Teton Blue vs Midnight Blue
Where Teton Blue belongs to Behr's range, Midnight Blue is a Benjamin Moore color. Both sit in the blue-grey family, which is useful context if you're narrowing within a single hue direction. Teton Blue (LRV 31) reflects noticeably more light than Midnight Blue (LRV 8), a difference of 23 points that becomes especially apparent in rooms with limited natural light. Both lean blue, so they'll behave similarly in mixed or changing light conditions. With a ΔE of 29.8, the contrast is hard to miss. These aren't variations on a theme — they're two different answers to the same question. Below you'll find 1 real-room photo comparison where both colors appear side by side, plus 5 simulated room previews.
Teton Blue vs Midnight Blue in Real Spaces
1 real room side by side. Seeing Teton Blue and Midnight Blue in actual rooms makes the difference concrete; browse the spaces below to get a feel for how each color lives on a wall.
House
Seen across an entire facade, subtle tonal differences become pronounced. What reads as nearly the same on a chip often reads as clearly different at scale. Teton Blue reflects noticeably more light off the walls, making the space read more open than Midnight Blue.
Color Details
Teton Blue vs Midnight Blue Simulated Comparison
5 simulated room previews — drag the slider on each to see Teton Blue on one side and Midnight Blue on the other.
Digital color is approximate.

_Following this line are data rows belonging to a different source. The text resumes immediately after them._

(* Let $\mathcal P$ and $\mathcal Q$ be binary quadratic operads over a field $\Bbbk$ with finite-dimensional spaces of generating operations, and suppose both are Dong operads. Then their Manin black product $\mathcal P\bullet\mathcal Q$ also satisfies the Dong Property.
   Context: A binary quadratic operad $\mathcal P(V,R)$ is generated by an $S_2$-module $V$ of binary operations subject to quadratic relations $R\subseteq\mathcal F_V(3)$. For $\mathcal P=\mathcal P(V,R)$, $\mathcal Q=\mathcal P(W,S)$, the Manin black product $\mathcal P\bullet\mathcal Q$ (Ginzburg–Kapranov) is the binary quadratic operad generated by $\Bbbk_-\otimes V\otimes W$ ($\Bbbk_-$ the sign representation of $S_2$) with relations the image of $\Bbbk_-\otimes R\otimes S$ under the natural projection $\Bbbk_-\otimes\mathcal F_V(3)\otimes\mathcal F_W(3)\to\mathcal F_{\Bbbk_-\otimes V\otimes W}(3)$. Formal distributions and the Dong Property: for an algebra $A$ with a family of bilinear operations closed under the $S_2$-action, a formal distribution over $A$ is $a(z)=\sum_{s\in\mathbb Z}a(s)z^{-s-1}$, $a(s)\in A$. Distributions $a,b$ are local if for every operation $*$ there is $N\ge0$ with $(w-z)^N a(w)*b(z)=0$ in $A[[z^{\pm1},w^{\pm1}]]$. For $n\in\mathbb Z_+$ the $n$-product is $(a\,{*}_{(n)}\,b)(w)=\mathrm{Res}_{\xi=0}(\xi-w)^n a(\xi)*b(w)$. An operad is a Dong operad (satisfies the Dong Property) if for every algebra $A$ over it and every three pairwise local distributions $a,b,c$ over $A$, the distributions $(a\,{*}_{(n)}\,b)$ and $c$ are local for all $n\in\mathbb Z_+$ and all operations $*$. *)

theory Defs
  imports "HOL-Computational_Algebra.Polynomial" "HOL-Combinatorics.Permutations"
begin

text \<open>V has basis indexed by the finite set gens. The S_2-action on V is the
  involution tau with tau e_i = sum_k swp k i e_k.
  F_V(3) is identified with functions r s i1 i2 (s < 3, i1,i2 in gens):
  the basis element of shape s is the tree mu_{i2}(mu_{i1}(x_s, x_{s+1}), x_{s+2})
  (indices mod 3); these 3 * dim(V)^2 trees form a basis of F_V(3).\<close>

record ('k,'i) bq_operad =
  gens :: "'i set"
  swp  :: "'i \<Rightarrow> 'i \<Rightarrow> 'k"
  rels :: "(nat \<Rightarrow> 'i \<Rightarrow> 'i \<Rightarrow> 'k) set"

definition free3 :: "'i set \<Rightarrow> (nat \<Rightarrow> 'i \<Rightarrow> 'i \<Rightarrow> 'k::zero) set" where
  "free3 I = {r. \<forall>s i1 i2. (3 \<le> s \<or> i1 \<notin> I \<or> i2 \<notin> I) \<longrightarrow> r s i1 i2 = 0}"

text \<open>The S_3-action on F_V(3): sigma relabels the leaves x_p to x_(sigma p) and
  the result is rewritten in the basis using the S_2-action on the inner vertex.\<close>
definition act3 :: "('k::field,'i) bq_operad \<Rightarrow> (nat \<Rightarrow> nat) \<Rightarrow>
    (nat \<Rightarrow> 'i \<Rightarrow> 'i \<Rightarrow> 'k) \<Rightarrow> (nat \<Rightarrow> 'i \<Rightarrow> 'i \<Rightarrow> 'k)" where
  "act3 P \<sigma> r = (\<lambda>t k1 k2.
     if t < 3 \<and> k1 \<in> gens P \<and> k2 \<in> gens P then
       (\<Sum>s<3. if (\<sigma> ((s + 2) mod 3) + 1) mod 3 = t then
                 (if \<sigma> ((s + 1) mod 3) = (\<sigma> s + 1) mod 3 then r s k1 k2
                  else (\<Sum>i\<in>gens P. swp P k1 i * r s i k2))
               else 0)
     else 0)"

definition is_bq_operad :: "('k::field,'i) bq_operad \<Rightarrow> bool" where
  "is_bq_operad P \<longleftrightarrow>
     finite (gens P) \<and>
     (\<forall>i\<in>gens P. \<forall>j\<in>gens P.
        (\<Sum>k\<in>gens P. swp P i k * swp P k j) = (if i = j then 1 else 0)) \<and>
     rels P \<subseteq> free3 (gens P) \<and>
     (\<lambda>_ _ _. 0) \<in> rels P \<and>
     (\<forall>r\<in>rels P. \<forall>r'\<in>rels P. (\<lambda>s i1 i2. r s i1 i2 + r' s i1 i2) \<in> rels P) \<and>
     (\<forall>r\<in>rels P. \<forall>c. (\<lambda>s i1 i2. c * r s i1 i2) \<in> rels P) \<and>
     (\<forall>\<sigma>. \<sigma> permutes {0, 1, 2} \<longrightarrow> (\<forall>r\<in>rels P. act3 P \<sigma> r \<in> rels P))"

definition is_algebra :: "('k::field,'i) bq_operad \<Rightarrow> ('k \<Rightarrow> 'a::ab_group_add \<Rightarrow> 'a)
     \<Rightarrow> ('i \<Rightarrow> 'a \<Rightarrow> 'a \<Rightarrow> 'a) \<Rightarrow> bool" where
  "is_algebra P sc m \<longleftrightarrow> vector_space sc \<and>
     (\<forall>i\<in>gens P. \<forall>x y z c.
        m i (x + y) z = m i x z + m i y z \<and> m i x (y + z) = m i x y + m i x z \<and>
        m i (sc c x) y = sc c (m i x y) \<and> m i x (sc c y) = sc c (m i x y)) \<and>
     (\<forall>i\<in>gens P. \<forall>x y. m i y x = (\<Sum>k\<in>gens P. sc (swp P k i) (m k x y))) \<and>
     (\<forall>r\<in>rels P. \<forall>x :: nat \<Rightarrow> 'a.
        (\<Sum>s<3. \<Sum>i1\<in>gens P. \<Sum>i2\<in>gens P.
           sc (r s i1 i2) (m i2 (m i1 (x s) (x ((s + 1) mod 3))) (x ((s + 2) mod 3)))) = 0)"

text \<open>The operation corresponding to the element v = sum_i c i e_i of V.\<close>
definition opr :: "('k::field,'i) bq_operad \<Rightarrow> ('k \<Rightarrow> 'a::ab_group_add \<Rightarrow> 'a)
     \<Rightarrow> ('i \<Rightarrow> 'a \<Rightarrow> 'a \<Rightarrow> 'a) \<Rightarrow> ('i \<Rightarrow> 'k) \<Rightarrow> 'a \<Rightarrow> 'a \<Rightarrow> 'a" where
  "opr P sc m c x y = (\<Sum>i\<in>gens P. sc (c i) (m i x y))"

text \<open>Formal distributions a(z) = sum_s a(s) z^(-s-1) are represented by a :: int => 'a.
  Locality: the coefficient of w^(-s-1) z^(-t-1) in (w-z)^N a(w)*b(z) vanishes.\<close>
definition local_dist :: "('k::field,'i) bq_operad \<Rightarrow> ('k \<Rightarrow> 'a::ab_group_add \<Rightarrow> 'a)
     \<Rightarrow> ('i \<Rightarrow> 'a \<Rightarrow> 'a \<Rightarrow> 'a) \<Rightarrow> (int \<Rightarrow> 'a) \<Rightarrow> (int \<Rightarrow> 'a) \<Rightarrow> bool" where
  "local_dist P sc m a b \<longleftrightarrow>
     (\<forall>c. \<exists>N::nat. \<forall>s t::int.
        (\<Sum>k\<le>N. sc ((-1) ^ k * of_nat (N choose k))
                    (opr P sc m c (a (s + int N - int k)) (b (t + int k)))) = 0)"

text \<open>n-product: (a *_(n) b)(w) = Res_xi (xi - w)^n a(xi) * b(w); coefficient at index t.\<close>
definition nprod :: "('k::field,'i) bq_operad \<Rightarrow> ('k \<Rightarrow> 'a::ab_group_add \<Rightarrow> 'a)
     \<Rightarrow> ('i \<Rightarrow> 'a \<Rightarrow> 'a \<Rightarrow> 'a) \<Rightarrow> ('i \<Rightarrow> 'k) \<Rightarrow> nat \<Rightarrow> (int \<Rightarrow> 'a) \<Rightarrow> (int \<Rightarrow> 'a)
     \<Rightarrow> (int \<Rightarrow> 'a)" where
  "nprod P sc m c n a b = (\<lambda>t.
     (\<Sum>k\<le>n. sc ((-1) ^ k * of_nat (n choose k))
                 (opr P sc m c (a (int n - int k)) (b (t + int k)))))"

definition dong_alg :: "('k::field,'i) bq_operad \<Rightarrow> ('k \<Rightarrow> 'a::ab_group_add \<Rightarrow> 'a)
     \<Rightarrow> ('i \<Rightarrow> 'a \<Rightarrow> 'a \<Rightarrow> 'a) \<Rightarrow> bool" where
  "dong_alg P sc m \<longleftrightarrow>
     (\<forall>a b d. local_dist P sc m a b \<and> local_dist P sc m b d \<and> local_dist P sc m a d \<longrightarrow>
        (\<forall>c n. local_dist P sc m (nprod P sc m c n a b) d))"

text \<open>Dong property for all algebras whose underlying space is (a vector space structure on) the type 'a.\<close>
definition dong :: "('k::field,'i) bq_operad \<Rightarrow> 'a::ab_group_add itself \<Rightarrow> bool" where
  "dong P _ \<longleftrightarrow> (\<forall>(sc :: 'k \<Rightarrow> 'a \<Rightarrow> 'a) m. is_algebra P sc m \<longrightarrow> dong_alg P sc m)"

definition lin_span :: "(nat \<Rightarrow> 'i \<Rightarrow> 'i \<Rightarrow> 'k::field) set \<Rightarrow> (nat \<Rightarrow> 'i \<Rightarrow> 'i \<Rightarrow> 'k) set" where
  "lin_span X = {f. \<exists>F c. finite F \<and> F \<subseteq> X \<and> f = (\<lambda>s u v. \<Sum>g\<in>F. c g * g s u v)}"

text \<open>Manin black product: generators k_- (x) V (x) W (S_2 acts by minus tau (x) tau),
  relations the image of k_- (x) R (x) S under the natural map, which on trees of the
  same shape is r (x) q |-> the tree with vertex labels tensored, and 0 on different shapes.\<close>
definition black :: "('k::field,'i) bq_operad \<Rightarrow> ('k,'j) bq_operad \<Rightarrow> ('k, 'i \<times> 'j) bq_operad" where
  "black P Q = \<lparr> gens = gens P \<times> gens Q,
      swp = (\<lambda>p p'. - (swp P (fst p) (fst p') * swp Q (snd p) (snd p'))),
      rels = lin_span {(\<lambda>s u v. r s (fst u) (fst v) * q s (snd u) (snd v)) | r q.
                         r \<in> rels P \<and> q \<in> rels Q} \<rparr>"

end

theory Submission
  imports Defs "HOL-Library.Function_Algebras"
begin

text \<open>Call an operad \<^emph>\<open>shape-0 reducible\<close> if, modulo its relations, every tree
  \<open>\<mu>\<^sub>v(\<mu>\<^sub>u(x\<^sub>0, x\<^sub>1), x\<^sub>2)\<close> is a combination of trees of the other two shapes.
  Such an operad is Dong. Given pairwise local \<open>a, b, d\<close>, the reducing relation writes the
  family \<open>T(i, j, k) = \<mu>\<^sub>v(\<mu>\<^sub>u(a(i), b(j)), d(k))\<close> as minus a sum of two families built
  from products \<open>b \<cdot> d\<close> and \<open>d \<cdot> a\<close>. By the three localities, \<open>T\<close> and these two families
  are killed by powers of the commuting difference operators \<open>\<Delta>\<^sub>1\<^sub>2\<close>, \<open>\<Delta>\<^sub>2\<^sub>3\<close>,
  \<open>\<Delta>\<^sub>1\<^sub>3\<close> respectively, and since \<open>\<Delta>\<^sub>2\<^sub>3 = \<Delta>\<^sub>1\<^sub>3 - \<Delta>\<^sub>1\<^sub>2\<close> a power of
  \<open>\<Delta>\<^sub>2\<^sub>3\<close> kills \<open>T\<close>; this is the locality of \<open>a\<^sub>(\<^sub>n\<^sub>) b\<close> and \<open>d\<close>.

  Conversely, if some tree of shape 0 is not reducible, a linear functional \<open>\<Phi>\<close> vanishing on the
  shape-0 parts of all relations but not on that tree defines an algebra on \<open>k[x]\<close> in which
  \<open>a = 1\<close>, \<open>b = x\<close> and \<open>d = \<delta>\<^sub>t\<^sub>,\<^sub>0 x\<^sup>2\<close> are pairwise local while \<open>a\<^sub>(\<^sub>0\<^sub>) b\<close> and
  \<open>d\<close> are not. So the hypotheses are only needed for algebras on \<open>k[x]\<close>.

  Finally, products of reducing relations of \<open>P\<close> and \<open>Q\<close> are reducing relations of
  \<open>P \<bullet> Q\<close>.\<close>

section \<open>Commuting difference operators\<close>

lemma additive_funpow:
  fixes f :: "'a::ab_group_add \<Rightarrow> 'a"
  shows "additive f \<Longrightarrow> additive (f ^^ n)"
  by (induction n) (simp_all add: additive_def)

These simulations are generated from the manufacturer's hex values and overlaid on grayscale room photos — your screen's calibration, brightness, and viewing angle all affect how they render. Before committing to either color, test physical samples in your own space under the light you actually live with.
More Teton Blue comparisons
See how Teton Blue stacks up against other well-photographed colors across different brands and tones.